Shortly before the Supreme Court’s overturning of Roe v. Wade, Rep. Pressley led a group of her Black women colleagues in writing to President Biden urging him to declare a public health emergency amid the unprecedented threats to abortion rights nationwide.
Rep. Pressley condemned the Supreme Court’s leaked draft opinion to overturn Roe v. Wade., and implored the Senate to protect abortion rights and slammed the white supremacist roots of anti-abortion efforts.
In September 2024, in a House Democratic Steering and Policy Committee Hearing, Rep. Pressley highlighted the harmful and deadly impact of abortion bans in America to date, and outlined in detail the shameful circumstances under which Amber Nicole Thurman died after being denied necessary abortion care in Georgia.
In June 2024, Rep. Pressley issued a statement on the Supreme Court’s ruling in Idaho v. United States; Moyle v. United States – the case about whether emergency abortion care is included under the Emergency Medical Treatment and Labor Act (EMTALA).
In May 2024, Rep. Pressley issued a statement on a Louisiana bill that would classify medication abortion drugs mifepristone and misoprostol as controlled substances.
In April 2024, at a House Oversight Committee hearing, Rep. Pressley played “Fact or Fiction” with Food and Drug Administration (FDA) Commissioner Robert Califf to emphasize the safety and efficacy of medication abortion drug mifepristone.
In August 2023, Rep. Pressley issued a statement on the Fifth Circuit Court decision in Alliance for Hippocratic Medicine v. FDA.
In July 2023, Rep. Pressley, alongside Senator Patty Murray (D-WA), Rep. Cori Bush (MO-01), and Senator Tammy Duckworth (D-IL), reintroduced the Reproductive Health Care Accessibility Act, legislation to help people with disabilities—who face discrimination and extra barriers when seeking care—get better access to reproductive healthcare and the informed care they need to control their own reproductive lives.
In July 2023, Rep. Pressley applauded the Food and Drug Administration’s (FDA) approval of over-the-counter birth control.
In May 2023, Rep. Pressley applauded the FDA Advisory Committee’s unanimous, 17-0 vote to recommend the approval of the first-ever application for over-the-counter birth control. She and Senator Murray also held a press conference applauding the decision and urging the FDA to approval over-the-counter birth control without delay.

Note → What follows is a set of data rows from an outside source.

(* Let $M$ be a duplicial module in a pre-additive category $\mathcal A$. Then for every $n\ge0$, $$\pi_n=p_n\circ T_n=T_n\circ p_n .$$ In particular, if $M$ is cyclic ($T_n=1$ for all $n$), then $\pi_n=p_n$.
   Context: Let $\mathcal A$ be a pre-additive category. Let $\Lambda_\infty$ be the category with objects $[n]$, $n\ge0$, where $\Lambda_\infty([m],[n])$ is the set of weakly monotone maps $f:\mathbb Z\to\mathbb Z$ with $f(j+m+1)=f(j)+n+1$ for all $j$ (determined by values on $\{0,\dots,m\}$). Let $\Lambda_+\subset\Lambda_\infty$ be the subcategory of those $f$ with $f(0)\ge0$, and $\Delta\subset\Lambda_+$ those with also $f(m)\le n$. Define $\varepsilon^n_i:[n-1]\to[n]$ ($n\ge1$, $0\le i\le n$) by $\varepsilon^n_i(j)=j$ for $0\le j<i$, $j+1$ for $i\le j\le n-1$; $\eta^n_i:[n+1]\to[n]$ ($0\le i\le n+1$) by $\eta^n_i(j)=j$ for $0\le j\le i$, $j-1$ for $i<j\le n+1$; $\tau_n:[n]\to[n]$, $\tau_n(j)=j+1$ ($=\eta^n_{n+1}\varepsilon^{n+1}_0$). A duplicial module is a functor $M:\Lambda_+^{op}\to\mathcal A$. Write $M_n=M([n])$, $\partial_{n,i}=M(\varepsilon^n_i):M_n\to M_{n-1}$, $s_{n,i}=M(\eta^n_i):M_n\to M_{n+1}$, $t_n=M(\tau_n)=\partial_{n+1,0}s_{n,n+1}$, $T_n=t_n^{n+1}$; $M$ is cyclic if $T_n=1$ for all $n$. Convention: $M_{-1}=0$, maps to/from it are $0$. Define $p_n=(1-s_{n-1,0}\partial_{n,1})(1-s_{n-1,1}\partial_{n,2})\cdots(1-s_{n-1,n-1}\partial_{n,n})$ ($p_0=1$), the Karoubi operator $\kappa_n=(-1)^n(\partial_{n+1,0}s_{n,n+1}-s_{n-1,n}\partial_{n,0})$ and the Dwyer–Kan operator $\pi_n=(-1)^n\partial_{n+1,0}\kappa_{n+1}^n s_{n,n+1}$. *)

theory Defs
  imports Main
begin

text \<open>A category with morphisms of type 'm and objects of type 'o; hom C a b is the
set of morphisms a -> b; cmp C g f is the composite g o f (f first).\<close>

record ('o, 'm) preadd_cat =
  hom :: "'o \<Rightarrow> 'o \<Rightarrow> 'm set"
  cmp :: "'m \<Rightarrow> 'm \<Rightarrow> 'm"
  idm :: "'o \<Rightarrow> 'm"
  zer :: "'o \<Rightarrow> 'o \<Rightarrow> 'm"
  pls :: "'m \<Rightarrow> 'm \<Rightarrow> 'm"
  neg :: "'m \<Rightarrow> 'm"

definition preadditive :: "('o, 'm) preadd_cat \<Rightarrow> bool" where
  "preadditive C \<longleftrightarrow>
     (\<forall>a b c f g. f \<in> hom C a b \<and> g \<in> hom C b c \<longrightarrow> cmp C g f \<in> hom C a c) \<and>
     (\<forall>a b c d f g h. f \<in> hom C a b \<and> g \<in> hom C b c \<and> h \<in> hom C c d \<longrightarrow>
        cmp C h (cmp C g f) = cmp C (cmp C h g) f) \<and>
     (\<forall>a. idm C a \<in> hom C a a) \<and>
     (\<forall>a b f. f \<in> hom C a b \<longrightarrow> cmp C (idm C b) f = f \<and> cmp C f (idm C a) = f) \<and>
     (\<forall>a b. zer C a b \<in> hom C a b) \<and>
     (\<forall>a b f g. f \<in> hom C a b \<and> g \<in> hom C a b \<longrightarrow>
        pls C f g \<in> hom C a b \<and> pls C f g = pls C g f) \<and>
     (\<forall>a b f g h. f \<in> hom C a b \<and> g \<in> hom C a b \<and> h \<in> hom C a b \<longrightarrow>
        pls C (pls C f g) h = pls C f (pls C g h)) \<and>
     (\<forall>a b f. f \<in> hom C a b \<longrightarrow>
        pls C f (zer C a b) = f \<and> neg C f \<in> hom C a b \<and> pls C f (neg C f) = zer C a b) \<and>
     (\<forall>a b c f g g'. f \<in> hom C a b \<and> g \<in> hom C b c \<and> g' \<in> hom C b c \<longrightarrow>
        cmp C (pls C g g') f = pls C (cmp C g f) (cmp C g' f)) \<and>
     (\<forall>a b c f f' g. f \<in> hom C a b \<and> f' \<in> hom C a b \<and> g \<in> hom C b c \<longrightarrow>
        cmp C g (pls C f f') = pls C (cmp C g f) (cmp C g f'))"

definition mns :: "('o, 'm) preadd_cat \<Rightarrow> 'm \<Rightarrow> 'm \<Rightarrow> 'm" where
  "mns C f g = pls C f (neg C g)"

definition sgnm :: "('o, 'm) preadd_cat \<Rightarrow> nat \<Rightarrow> 'm \<Rightarrow> 'm" where
  "sgnm C n f = (if even n then f else neg C f)"

definition mpow :: "('o, 'm) preadd_cat \<Rightarrow> 'o \<Rightarrow> nat \<Rightarrow> 'm \<Rightarrow> 'm" where
  "mpow C a k f = (cmp C f ^^ k) (idm C a)"

text \<open>Morphisms [m] -> [n] of Lambda_infinity: weakly monotone f : Z -> Z with
f(j+m+1) = f(j)+n+1; Lambda_+ additionally requires f(0) >= 0.
Composition is composition of functions.\<close>

definition lam_inf :: "nat \<Rightarrow> nat \<Rightarrow> (int \<Rightarrow> int) \<Rightarrow> bool" where
  "lam_inf m n f \<longleftrightarrow> mono f \<and> (\<forall>j. f (j + int m + 1) = f j + int n + 1)"

definition lam_plus :: "nat \<Rightarrow> nat \<Rightarrow> (int \<Rightarrow> int) \<Rightarrow> bool" where
  "lam_plus m n f \<longleftrightarrow> lam_inf m n f \<and> f 0 \<ge> 0"

text \<open>The unique extension to Z of a map given on {0..m}.\<close>
definition per_ext :: "nat \<Rightarrow> nat \<Rightarrow> (int \<Rightarrow> int) \<Rightarrow> int \<Rightarrow> int" where
  "per_ext m n g j = (j div (int m + 1)) * (int n + 1) + g (j mod (int m + 1))"

definition eps :: "nat \<Rightarrow> nat \<Rightarrow> int \<Rightarrow> int" where
  "eps n i = per_ext (n - 1) n (\<lambda>j. if j < int i then j else j + 1)"

definition eta :: "nat \<Rightarrow> nat \<Rightarrow> int \<Rightarrow> int" where
  "eta n i = per_ext (n + 1) n (\<lambda>j. if j \<le> int i then j else j - 1)"

definition tau :: "nat \<Rightarrow> int \<Rightarrow> int" where
  "tau n = per_ext n n (\<lambda>j. j + 1)"

text \<open>A duplicial module is a functor M : Lambda_+^op -> C, given by its object map
Ob ([n] |-> M_n) and its morphism map Mor: for f : [m] -> [n] in Lambda_+,
Mor m n f : M_n -> M_m.\<close>

definition duplicial ::
  "('o, 'm) preadd_cat \<Rightarrow> (nat \<Rightarrow> 'o) \<Rightarrow> (nat \<Rightarrow> nat \<Rightarrow> (int \<Rightarrow> int) \<Rightarrow> 'm) \<Rightarrow> bool" where
  "duplicial C Ob Mor \<longleftrightarrow>
     (\<forall>m n f. lam_plus m n f \<longrightarrow> Mor m n f \<in> hom C (Ob n) (Ob m)) \<and>
     (\<forall>m. Mor m m id = idm C (Ob m)) \<and>
     (\<forall>m n k f g. lam_plus m n f \<and> lam_plus n k g \<longrightarrow>
        Mor m k (g \<circ> f) = cmp C (Mor m n f) (Mor n k g))"

context
  fixes C :: "('o, 'm) preadd_cat"
    and Ob :: "nat \<Rightarrow> 'o"
    and Mor :: "nat \<Rightarrow> nat \<Rightarrow> (int \<Rightarrow> int) \<Rightarrow> 'm"
begin

definition dface :: "nat \<Rightarrow> nat \<Rightarrow> 'm" where
  "dface n i = Mor (n - 1) n (eps n i)"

In May 2023, Rep. Pressley, along with Representatives Alexandria Ocasio-Cortez (NY-14) and Ami Bera, MD (CA-06) and Senators Mazie Hirono (D-HI) and Catherine Cortez Masto (D-NV), reintroduced their bicameral Affordability is Access Act to ensure that once the FDA determines an over-the-counter birth control option to be safe, insurers fully cover over-the-counter birth control without any fees or out-of-pocket costs.
In April 2023, Rep. Pressley issued a statement condemning the Texas court ruling on mifepristone, and discussed the Texas case in a recent floor speech in which she affirmed medication abortion as routine medical care and access to mifepristone as essential. She later joined Governor Maura Healey, Senator Elizabth Warren (D-MA), and local leaders in announcing action to protect Mifepristone in Massachusetts.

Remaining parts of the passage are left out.